__The problem__:
Repeat verbatim, and only, the lines of the data below, beginning at the line that contains "((\<lambda>f. monom (fst" and stopping after the line that contains "x q L = orb".

__Source information__:
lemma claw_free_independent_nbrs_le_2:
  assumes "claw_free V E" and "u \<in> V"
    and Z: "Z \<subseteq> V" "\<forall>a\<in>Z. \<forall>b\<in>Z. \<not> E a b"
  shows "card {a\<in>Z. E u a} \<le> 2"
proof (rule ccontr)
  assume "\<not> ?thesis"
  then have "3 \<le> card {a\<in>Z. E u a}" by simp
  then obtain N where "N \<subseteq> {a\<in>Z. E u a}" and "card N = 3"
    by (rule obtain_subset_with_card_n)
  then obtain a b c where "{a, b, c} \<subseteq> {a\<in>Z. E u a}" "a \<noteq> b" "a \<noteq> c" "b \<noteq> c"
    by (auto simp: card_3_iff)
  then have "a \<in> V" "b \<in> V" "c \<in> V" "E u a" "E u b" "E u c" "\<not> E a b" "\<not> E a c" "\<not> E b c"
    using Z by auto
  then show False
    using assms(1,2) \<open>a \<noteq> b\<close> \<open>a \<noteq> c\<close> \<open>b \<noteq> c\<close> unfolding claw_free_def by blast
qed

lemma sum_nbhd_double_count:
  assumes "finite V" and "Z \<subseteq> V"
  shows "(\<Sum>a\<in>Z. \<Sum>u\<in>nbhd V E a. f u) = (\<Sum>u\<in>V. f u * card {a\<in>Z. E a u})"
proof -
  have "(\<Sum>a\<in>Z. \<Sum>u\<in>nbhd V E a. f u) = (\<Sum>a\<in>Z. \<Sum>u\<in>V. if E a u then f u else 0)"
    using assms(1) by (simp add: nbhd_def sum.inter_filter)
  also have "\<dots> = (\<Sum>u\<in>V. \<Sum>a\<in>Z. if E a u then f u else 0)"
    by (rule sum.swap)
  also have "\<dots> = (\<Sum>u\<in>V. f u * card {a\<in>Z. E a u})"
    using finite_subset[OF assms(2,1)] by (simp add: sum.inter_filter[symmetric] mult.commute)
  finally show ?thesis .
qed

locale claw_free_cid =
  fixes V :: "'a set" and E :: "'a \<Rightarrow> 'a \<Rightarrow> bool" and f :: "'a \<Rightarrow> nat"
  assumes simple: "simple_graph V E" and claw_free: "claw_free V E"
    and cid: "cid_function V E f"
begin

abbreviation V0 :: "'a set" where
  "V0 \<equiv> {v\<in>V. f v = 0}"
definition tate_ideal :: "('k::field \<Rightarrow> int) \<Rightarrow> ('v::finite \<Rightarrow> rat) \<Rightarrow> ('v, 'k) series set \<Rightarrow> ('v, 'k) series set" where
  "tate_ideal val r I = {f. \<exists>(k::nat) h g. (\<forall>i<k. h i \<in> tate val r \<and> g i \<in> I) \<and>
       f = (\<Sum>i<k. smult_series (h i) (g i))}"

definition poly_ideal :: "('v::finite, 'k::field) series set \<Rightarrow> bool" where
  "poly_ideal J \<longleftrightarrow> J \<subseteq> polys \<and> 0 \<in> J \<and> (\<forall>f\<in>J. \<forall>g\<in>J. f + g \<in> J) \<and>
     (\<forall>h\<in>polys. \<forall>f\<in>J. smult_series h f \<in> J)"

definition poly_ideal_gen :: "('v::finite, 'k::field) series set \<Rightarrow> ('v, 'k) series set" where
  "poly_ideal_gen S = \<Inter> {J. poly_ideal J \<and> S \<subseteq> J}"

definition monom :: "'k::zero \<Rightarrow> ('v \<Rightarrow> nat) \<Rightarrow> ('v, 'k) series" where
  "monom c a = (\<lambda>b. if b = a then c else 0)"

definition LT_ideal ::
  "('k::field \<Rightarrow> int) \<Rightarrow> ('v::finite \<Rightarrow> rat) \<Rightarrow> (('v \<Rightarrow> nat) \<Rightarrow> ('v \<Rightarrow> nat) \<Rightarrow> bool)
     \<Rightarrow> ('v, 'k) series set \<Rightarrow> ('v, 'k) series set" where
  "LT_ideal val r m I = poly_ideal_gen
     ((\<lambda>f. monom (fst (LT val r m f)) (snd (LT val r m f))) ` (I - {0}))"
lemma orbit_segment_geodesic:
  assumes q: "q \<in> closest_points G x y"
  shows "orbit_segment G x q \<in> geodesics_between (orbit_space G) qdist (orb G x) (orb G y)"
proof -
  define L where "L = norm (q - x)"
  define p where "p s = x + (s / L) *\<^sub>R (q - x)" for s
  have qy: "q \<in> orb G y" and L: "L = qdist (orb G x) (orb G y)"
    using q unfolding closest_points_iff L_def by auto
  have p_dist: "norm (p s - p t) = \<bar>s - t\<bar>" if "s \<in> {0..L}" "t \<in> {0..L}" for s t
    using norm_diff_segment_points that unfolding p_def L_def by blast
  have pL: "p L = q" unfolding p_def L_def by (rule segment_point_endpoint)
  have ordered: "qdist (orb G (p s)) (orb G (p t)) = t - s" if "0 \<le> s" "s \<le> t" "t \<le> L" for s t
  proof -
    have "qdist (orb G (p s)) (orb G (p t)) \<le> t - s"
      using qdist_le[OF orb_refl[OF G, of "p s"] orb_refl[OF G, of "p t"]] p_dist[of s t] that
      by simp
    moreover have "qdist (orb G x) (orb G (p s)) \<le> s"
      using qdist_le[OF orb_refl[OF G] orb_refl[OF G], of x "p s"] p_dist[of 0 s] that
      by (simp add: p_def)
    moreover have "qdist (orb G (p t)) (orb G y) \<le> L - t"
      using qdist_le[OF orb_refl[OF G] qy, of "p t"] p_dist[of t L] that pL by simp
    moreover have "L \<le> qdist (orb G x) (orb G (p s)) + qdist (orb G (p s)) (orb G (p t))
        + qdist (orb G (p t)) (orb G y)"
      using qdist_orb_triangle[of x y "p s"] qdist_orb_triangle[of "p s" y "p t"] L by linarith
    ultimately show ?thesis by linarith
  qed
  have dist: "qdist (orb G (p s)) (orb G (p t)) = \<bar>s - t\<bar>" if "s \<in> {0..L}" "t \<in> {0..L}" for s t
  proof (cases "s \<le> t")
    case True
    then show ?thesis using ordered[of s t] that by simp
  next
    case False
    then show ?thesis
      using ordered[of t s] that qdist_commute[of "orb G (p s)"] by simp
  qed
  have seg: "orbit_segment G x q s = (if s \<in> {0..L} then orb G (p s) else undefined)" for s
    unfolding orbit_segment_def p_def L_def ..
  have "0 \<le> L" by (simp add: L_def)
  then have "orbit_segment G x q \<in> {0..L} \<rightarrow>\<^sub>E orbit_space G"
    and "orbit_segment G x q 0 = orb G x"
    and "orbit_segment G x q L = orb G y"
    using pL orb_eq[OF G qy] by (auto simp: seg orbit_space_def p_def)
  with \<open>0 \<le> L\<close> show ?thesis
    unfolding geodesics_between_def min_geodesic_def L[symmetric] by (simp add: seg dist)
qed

==

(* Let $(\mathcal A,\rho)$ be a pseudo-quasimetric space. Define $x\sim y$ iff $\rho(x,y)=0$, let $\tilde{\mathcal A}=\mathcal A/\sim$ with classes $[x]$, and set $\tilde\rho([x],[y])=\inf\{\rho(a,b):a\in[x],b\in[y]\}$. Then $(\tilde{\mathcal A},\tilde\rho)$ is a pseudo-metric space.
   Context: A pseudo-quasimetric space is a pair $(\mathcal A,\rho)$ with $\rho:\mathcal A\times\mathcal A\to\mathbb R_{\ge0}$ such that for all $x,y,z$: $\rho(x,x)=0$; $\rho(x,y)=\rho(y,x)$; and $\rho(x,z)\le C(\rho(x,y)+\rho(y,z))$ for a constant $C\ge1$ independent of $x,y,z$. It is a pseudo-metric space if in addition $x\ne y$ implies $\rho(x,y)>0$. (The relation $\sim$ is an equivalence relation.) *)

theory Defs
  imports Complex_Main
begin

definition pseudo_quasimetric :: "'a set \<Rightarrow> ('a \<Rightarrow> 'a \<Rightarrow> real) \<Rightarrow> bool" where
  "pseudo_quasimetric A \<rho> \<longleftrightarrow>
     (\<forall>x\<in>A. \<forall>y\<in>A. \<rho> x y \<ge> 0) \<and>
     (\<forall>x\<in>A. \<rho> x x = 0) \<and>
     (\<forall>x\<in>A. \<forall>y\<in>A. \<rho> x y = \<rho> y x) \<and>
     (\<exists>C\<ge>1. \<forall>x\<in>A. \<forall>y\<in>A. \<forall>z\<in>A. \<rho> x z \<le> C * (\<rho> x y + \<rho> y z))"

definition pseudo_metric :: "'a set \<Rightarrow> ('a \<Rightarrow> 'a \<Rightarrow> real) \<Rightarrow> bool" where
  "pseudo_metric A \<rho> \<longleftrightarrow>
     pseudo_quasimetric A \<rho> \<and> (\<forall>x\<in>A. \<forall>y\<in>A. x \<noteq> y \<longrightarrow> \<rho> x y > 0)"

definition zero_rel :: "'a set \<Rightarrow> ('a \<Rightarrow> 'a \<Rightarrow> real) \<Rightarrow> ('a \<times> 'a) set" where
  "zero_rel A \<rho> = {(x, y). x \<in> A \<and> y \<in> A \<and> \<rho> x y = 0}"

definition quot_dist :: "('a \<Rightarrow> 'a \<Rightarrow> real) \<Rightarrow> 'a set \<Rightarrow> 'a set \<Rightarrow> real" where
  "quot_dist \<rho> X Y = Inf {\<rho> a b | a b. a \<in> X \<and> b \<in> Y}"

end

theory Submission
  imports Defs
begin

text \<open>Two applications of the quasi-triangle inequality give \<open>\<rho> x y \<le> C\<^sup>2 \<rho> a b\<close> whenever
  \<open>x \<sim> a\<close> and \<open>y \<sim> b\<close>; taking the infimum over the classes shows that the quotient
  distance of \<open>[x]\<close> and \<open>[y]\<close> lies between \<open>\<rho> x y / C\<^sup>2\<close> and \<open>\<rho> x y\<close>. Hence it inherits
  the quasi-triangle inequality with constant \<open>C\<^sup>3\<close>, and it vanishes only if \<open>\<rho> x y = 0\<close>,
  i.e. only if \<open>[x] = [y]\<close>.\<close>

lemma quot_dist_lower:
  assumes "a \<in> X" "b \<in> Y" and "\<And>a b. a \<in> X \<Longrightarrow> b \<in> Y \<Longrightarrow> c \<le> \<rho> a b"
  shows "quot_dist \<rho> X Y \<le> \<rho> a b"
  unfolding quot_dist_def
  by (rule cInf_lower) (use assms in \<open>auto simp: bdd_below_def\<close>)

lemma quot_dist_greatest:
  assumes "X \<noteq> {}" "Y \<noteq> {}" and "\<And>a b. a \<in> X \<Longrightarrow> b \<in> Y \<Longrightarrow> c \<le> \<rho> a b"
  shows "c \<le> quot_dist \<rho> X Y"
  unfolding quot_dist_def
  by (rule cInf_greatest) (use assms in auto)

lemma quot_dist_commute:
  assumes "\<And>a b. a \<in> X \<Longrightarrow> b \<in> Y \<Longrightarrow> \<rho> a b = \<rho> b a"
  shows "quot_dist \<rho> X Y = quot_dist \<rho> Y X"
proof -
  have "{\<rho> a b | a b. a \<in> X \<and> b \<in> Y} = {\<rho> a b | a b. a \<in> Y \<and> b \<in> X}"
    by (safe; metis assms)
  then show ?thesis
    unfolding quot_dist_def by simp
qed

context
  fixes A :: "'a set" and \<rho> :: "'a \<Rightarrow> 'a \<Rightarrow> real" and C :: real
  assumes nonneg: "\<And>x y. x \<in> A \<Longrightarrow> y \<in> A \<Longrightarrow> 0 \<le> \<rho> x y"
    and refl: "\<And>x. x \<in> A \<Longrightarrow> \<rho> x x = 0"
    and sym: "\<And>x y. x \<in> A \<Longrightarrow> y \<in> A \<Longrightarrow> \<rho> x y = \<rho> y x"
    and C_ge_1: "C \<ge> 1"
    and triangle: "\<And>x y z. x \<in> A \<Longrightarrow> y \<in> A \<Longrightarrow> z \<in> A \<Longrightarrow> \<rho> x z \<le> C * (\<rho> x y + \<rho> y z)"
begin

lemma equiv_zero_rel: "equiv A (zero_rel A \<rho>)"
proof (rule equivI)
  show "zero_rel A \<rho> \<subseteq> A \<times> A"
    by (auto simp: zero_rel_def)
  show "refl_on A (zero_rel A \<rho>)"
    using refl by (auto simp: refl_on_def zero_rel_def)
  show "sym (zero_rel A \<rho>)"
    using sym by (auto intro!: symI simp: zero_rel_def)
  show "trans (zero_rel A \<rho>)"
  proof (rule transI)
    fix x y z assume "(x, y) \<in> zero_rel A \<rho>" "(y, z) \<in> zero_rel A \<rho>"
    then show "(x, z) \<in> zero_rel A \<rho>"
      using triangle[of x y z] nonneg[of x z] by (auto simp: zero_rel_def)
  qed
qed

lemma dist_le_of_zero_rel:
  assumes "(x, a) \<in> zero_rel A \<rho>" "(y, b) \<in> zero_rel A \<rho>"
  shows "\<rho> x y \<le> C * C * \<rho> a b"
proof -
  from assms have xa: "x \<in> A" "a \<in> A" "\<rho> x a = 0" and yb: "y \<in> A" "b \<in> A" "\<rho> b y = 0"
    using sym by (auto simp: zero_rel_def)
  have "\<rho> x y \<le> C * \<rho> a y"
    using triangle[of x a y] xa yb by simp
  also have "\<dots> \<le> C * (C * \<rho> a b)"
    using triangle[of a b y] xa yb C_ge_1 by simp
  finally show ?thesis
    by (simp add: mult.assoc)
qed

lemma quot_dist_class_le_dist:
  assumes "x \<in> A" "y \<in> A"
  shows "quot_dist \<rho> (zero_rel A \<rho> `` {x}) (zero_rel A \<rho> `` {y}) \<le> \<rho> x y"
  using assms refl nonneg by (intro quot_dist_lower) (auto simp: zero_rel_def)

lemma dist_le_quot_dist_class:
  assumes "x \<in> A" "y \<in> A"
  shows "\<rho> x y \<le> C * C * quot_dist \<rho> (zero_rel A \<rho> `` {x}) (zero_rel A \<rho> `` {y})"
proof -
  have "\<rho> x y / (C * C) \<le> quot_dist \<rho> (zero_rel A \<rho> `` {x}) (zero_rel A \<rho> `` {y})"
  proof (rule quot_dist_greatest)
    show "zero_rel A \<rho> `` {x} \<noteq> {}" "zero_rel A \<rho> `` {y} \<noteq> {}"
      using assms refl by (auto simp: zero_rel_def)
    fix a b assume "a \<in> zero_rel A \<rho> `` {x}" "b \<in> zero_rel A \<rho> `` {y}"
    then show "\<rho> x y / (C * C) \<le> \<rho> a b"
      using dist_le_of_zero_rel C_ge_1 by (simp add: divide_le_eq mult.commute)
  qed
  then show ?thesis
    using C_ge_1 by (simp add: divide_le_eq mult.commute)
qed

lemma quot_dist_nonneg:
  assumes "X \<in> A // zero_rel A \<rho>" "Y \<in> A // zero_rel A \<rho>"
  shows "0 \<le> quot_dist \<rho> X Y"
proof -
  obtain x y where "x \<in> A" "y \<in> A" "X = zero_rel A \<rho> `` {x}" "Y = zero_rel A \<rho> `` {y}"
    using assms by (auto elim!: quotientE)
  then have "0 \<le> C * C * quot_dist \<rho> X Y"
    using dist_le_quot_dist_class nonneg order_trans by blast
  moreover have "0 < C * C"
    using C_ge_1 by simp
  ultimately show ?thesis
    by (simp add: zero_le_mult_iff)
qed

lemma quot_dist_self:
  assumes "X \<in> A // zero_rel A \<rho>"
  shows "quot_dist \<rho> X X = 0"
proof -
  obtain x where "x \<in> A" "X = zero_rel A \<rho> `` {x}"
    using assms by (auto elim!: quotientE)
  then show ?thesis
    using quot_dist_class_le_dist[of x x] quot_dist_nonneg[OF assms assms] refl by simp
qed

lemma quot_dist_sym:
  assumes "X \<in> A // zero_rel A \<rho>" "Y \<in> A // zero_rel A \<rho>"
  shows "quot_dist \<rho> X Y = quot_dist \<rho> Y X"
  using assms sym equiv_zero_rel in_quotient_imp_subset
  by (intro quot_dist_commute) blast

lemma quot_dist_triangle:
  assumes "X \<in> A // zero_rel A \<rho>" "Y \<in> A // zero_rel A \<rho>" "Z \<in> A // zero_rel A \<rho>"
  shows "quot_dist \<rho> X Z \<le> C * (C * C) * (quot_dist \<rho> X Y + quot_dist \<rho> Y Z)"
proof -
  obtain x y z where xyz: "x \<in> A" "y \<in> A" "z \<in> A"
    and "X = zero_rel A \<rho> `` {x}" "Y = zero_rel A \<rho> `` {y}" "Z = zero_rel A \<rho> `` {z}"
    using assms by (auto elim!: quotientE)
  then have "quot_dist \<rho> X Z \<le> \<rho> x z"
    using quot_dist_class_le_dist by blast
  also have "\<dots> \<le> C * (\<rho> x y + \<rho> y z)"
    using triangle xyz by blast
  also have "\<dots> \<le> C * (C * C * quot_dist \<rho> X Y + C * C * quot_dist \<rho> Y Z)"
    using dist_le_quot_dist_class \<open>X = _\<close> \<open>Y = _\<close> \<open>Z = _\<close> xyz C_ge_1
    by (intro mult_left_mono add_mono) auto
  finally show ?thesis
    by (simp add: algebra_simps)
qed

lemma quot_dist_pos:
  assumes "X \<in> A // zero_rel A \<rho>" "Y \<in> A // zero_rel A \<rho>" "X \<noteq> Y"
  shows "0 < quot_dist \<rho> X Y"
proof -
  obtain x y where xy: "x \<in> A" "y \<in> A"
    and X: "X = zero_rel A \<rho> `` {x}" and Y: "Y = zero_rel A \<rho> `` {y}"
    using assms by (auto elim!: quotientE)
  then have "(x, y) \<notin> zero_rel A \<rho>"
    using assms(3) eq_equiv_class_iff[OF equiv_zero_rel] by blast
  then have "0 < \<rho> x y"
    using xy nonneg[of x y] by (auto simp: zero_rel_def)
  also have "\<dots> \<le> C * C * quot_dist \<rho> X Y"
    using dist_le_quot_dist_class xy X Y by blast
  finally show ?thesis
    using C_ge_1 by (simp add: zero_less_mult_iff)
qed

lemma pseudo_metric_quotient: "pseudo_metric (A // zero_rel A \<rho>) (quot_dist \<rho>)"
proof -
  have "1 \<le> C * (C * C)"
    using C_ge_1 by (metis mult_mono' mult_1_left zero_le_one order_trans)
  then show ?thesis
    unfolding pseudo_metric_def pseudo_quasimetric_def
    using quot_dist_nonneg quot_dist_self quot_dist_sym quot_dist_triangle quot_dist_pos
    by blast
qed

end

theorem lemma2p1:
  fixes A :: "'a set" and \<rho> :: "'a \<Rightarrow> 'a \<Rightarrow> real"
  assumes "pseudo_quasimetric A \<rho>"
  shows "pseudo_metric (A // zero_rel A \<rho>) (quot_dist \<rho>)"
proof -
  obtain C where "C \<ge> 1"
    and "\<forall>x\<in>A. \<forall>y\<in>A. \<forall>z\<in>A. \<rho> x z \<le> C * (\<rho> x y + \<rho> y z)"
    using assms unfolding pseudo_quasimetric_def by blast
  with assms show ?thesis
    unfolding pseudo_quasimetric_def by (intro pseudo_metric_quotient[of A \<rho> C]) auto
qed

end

__Response__:
     ((\<lambda>f. monom (fst (LT val r m f)) (snd (LT val r m f))) ` (I - {0}))"
lemma orbit_segment_geodesic:
  assumes q: "q \<in> closest_points G x y"
  shows "orbit_segment G x q \<in> geodesics_between (orbit_space G) qdist (orb G x) (orb G y)"
proof -
  define L where "L = norm (q - x)"
  define p where "p s = x + (s / L) *\<^sub>R (q - x)" for s
  have qy: "q \<in> orb G y" and L: "L = qdist (orb G x) (orb G y)"
    using q unfolding closest_points_iff L_def by auto
  have p_dist: "norm (p s - p t) = \<bar>s - t\<bar>" if "s \<in> {0..L}" "t \<in> {0..L}" for s t
    using norm_diff_segment_points that unfolding p_def L_def by blast
  have pL: "p L = q" unfolding p_def L_def by (rule segment_point_endpoint)
  have ordered: "qdist (orb G (p s)) (orb G (p t)) = t - s" if "0 \<le> s" "s \<le> t" "t \<le> L" for s t
  proof -
    have "qdist (orb G (p s)) (orb G (p t)) \<le> t - s"
      using qdist_le[OF orb_refl[OF G, of "p s"] orb_refl[OF G, of "p t"]] p_dist[of s t] that
      by simp
    moreover have "qdist (orb G x) (orb G (p s)) \<le> s"
      using qdist_le[OF orb_refl[OF G] orb_refl[OF G], of x "p s"] p_dist[of 0 s] that
      by (simp add: p_def)
    moreover have "qdist (orb G (p t)) (orb G y) \<le> L - t"
      using qdist_le[OF orb_refl[OF G] qy, of "p t"] p_dist[of t L] that pL by simp
    moreover have "L \<le> qdist (orb G x) (orb G (p s)) + qdist (orb G (p s)) (orb G (p t))
        + qdist (orb G (p t)) (orb G y)"
      using qdist_orb_triangle[of x y "p s"] qdist_orb_triangle[of "p s" y "p t"] L by linarith
    ultimately show ?thesis by linarith
  qed
  have dist: "qdist (orb G (p s)) (orb G (p t)) = \<bar>s - t\<bar>" if "s \<in> {0..L}" "t \<in> {0..L}" for s t
  proof (cases "s \<le> t")
    case True
    then show ?thesis using ordered[of s t] that by simp
  next
    case False
    then show ?thesis
      using ordered[of t s] that qdist_commute[of "orb G (p s)"] by simp
  qed
  have seg: "orbit_segment G x q s = (if s \<in> {0..L} then orb G (p s) else undefined)" for s
    unfolding orbit_segment_def p_def L_def ..
  have "0 \<le> L" by (simp add: L_def)
  then have "orbit_segment G x q \<in> {0..L} \<rightarrow>\<^sub>E orbit_space G"
    and "orbit_segment G x q 0 = orb G x"
    and "orbit_segment G x q L = orb G y"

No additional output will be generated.